### Description of the task
The line containing "(t - 1) else" marks where to begin; quote it and every line after it through the end of the data, exactly as written.

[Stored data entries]
(* In the standing setting, assume stochastic monotonicity (SM). Then for all $t\in\{1,\dots,\overline R\}$, all $k\in\{0,\dots,\sigma^v(t-1)\}$ and all $\delta\in\{0,\dots,N-1\}$, $$\varphi^v(t,k,\delta)\ge\varphi^v(t,k,\delta+1).$$
   Context: Standing setting. Integers $n\ge2$, $m\ge1$; $N:=(n-1)m$. Reals $p_{\mathrm{init}}\ge0$, $\Delta P>0$; the price at round $t\ge0$ is $p_t:=p_{\mathrm{init}}+t\Delta P$. The player's valuation $v:\{0,\dots,m\}\to[0,\infty)$ satisfies $v(0)=0$ and is non-decreasing and concave. $\overline R:=\lceil (v(1)-p_{\mathrm{init}})/\Delta P\rceil$, assumed $\ge1$. For $t\ge0$, $\sigma^v(t):=\min\operatorname{argmax}_{0\le u\le m}(v(u)-up_t)$. The opponent is given by random variables $Z_1\ge Z_2\ge\dots\ge Z_N\ge0$ (a.s.) on a probability space $(\Omega,\mathcal F,\mathbb P)$; its demand at price $p$ is $\delta(p):=\sum_{j=1}^N\mathbf 1\{Z_j>p\}$. For $t\ge1$ fix transition kernels $K_t(\delta'\mid\delta)$ ($\delta,\delta'\in\{0,\dots,N\}$), each $K_t(\cdot\mid\delta)$ a probability on $\{0,\dots,\delta\}$, with $K_t(\delta'\mid\delta)=\mathbb P(\delta(p_t)=\delta'\mid\delta(p_{t-1})=\delta)$ whenever $\mathbb P(\delta(p_{t-1})=\delta)>0$. Value function: for $t\in\{1,\dots,\overline R\}$, $k\in\{0,\dots,m\}$, $\delta\in\{0,\dots,N\}$: $\varphi^v(t,k,\delta):=v(k)-kp_{t-1}$ if $k+\delta\le m$; $:=\max_{0\le u\le k}\sum_{\delta'=0}^N K_t(\delta'\mid\delta)\varphi^v(t+1,u,\delta')$ if $k+\delta>m$ and $t<\overline R$; $:=0$ if $k+\delta>m$ and $t=\overline R$. Stochastic monotonicity (SM): for every $t\in\{1,\dots,\overline R-1\}$, $s\in\{0,\dots,N\}$ and $\delta\in\{0,\dots,N-1\}$, $\sum_{\delta'\ge s}K_t(\delta'\mid\delta+1)\ge\sum_{\delta'\ge s}K_t(\delta'\mid\delta)$. *)

theory Defs
  imports "HOL-Probability.Probability"
begin

definition price :: "real \<Rightarrow> real \<Rightarrow> nat \<Rightarrow> real" where
  "price pinit dP t = pinit + real t * dP"

definition Rbar :: "(nat \<Rightarrow> real) \<Rightarrow> real \<Rightarrow> real \<Rightarrow> nat" where
  "Rbar v pinit dP = nat \<lceil>(v 1 - pinit) / dP\<rceil>"

definition sigma :: "(nat \<Rightarrow> real) \<Rightarrow> nat \<Rightarrow> real \<Rightarrow> real \<Rightarrow> nat \<Rightarrow> nat" where
  "sigma v m pinit dP t =
     (LEAST u. u \<le> m \<and> (\<forall>w\<le>m. v w - real w * price pinit dP t \<le> v u - real u * price pinit dP t))"

definition demand :: "(nat \<Rightarrow> 'a \<Rightarrow> real) \<Rightarrow> nat \<Rightarrow> real \<Rightarrow> 'a \<Rightarrow> nat" where
  "demand Z N p \<omega> = card {j \<in> {1..N}. Z j \<omega> > p}"

text \<open>Value function, by backward recursion on r = R-bar - t (the number of remaining
  rounds after t).  K t d' d stands for K_t(d' | d).\<close>
primrec phi_aux :: "(nat \<Rightarrow> real) \<Rightarrow> nat \<Rightarrow> nat \<Rightarrow> real \<Rightarrow> real \<Rightarrow> (nat \<Rightarrow> nat \<Rightarrow> nat \<Rightarrow> real)
    \<Rightarrow> nat \<Rightarrow> nat \<Rightarrow> nat \<Rightarrow> nat \<Rightarrow> real" where
  "phi_aux v m N pinit dP K 0 t k d =
     (if k + d \<le> m then v k - real k * price pinit dP (t - 1) else 0)"
| "phi_aux v m N pinit dP K (Suc r) t k d =
     (if k + d \<le> m then v k - real k * price pinit dP (t - 1)
      else Max ((\<lambda>u. \<Sum>d'\<in>{0..N}. K t d' d * phi_aux v m N pinit dP K r (t + 1) u d') ` {0..k}))"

### Result for this exercise
     (if k + d \<le> m then v k - real k * price pinit dP (t - 1) else 0)"
| "phi_aux v m N pinit dP K (Suc r) t k d =
     (if k + d \<le> m then v k - real k * price pinit dP (t - 1)
      else Max ((\<lambda>u. \<Sum>d'\<in>{0..N}. K t d' d * phi_aux v m N pinit dP K r (t + 1) u d') ` {0..k}))"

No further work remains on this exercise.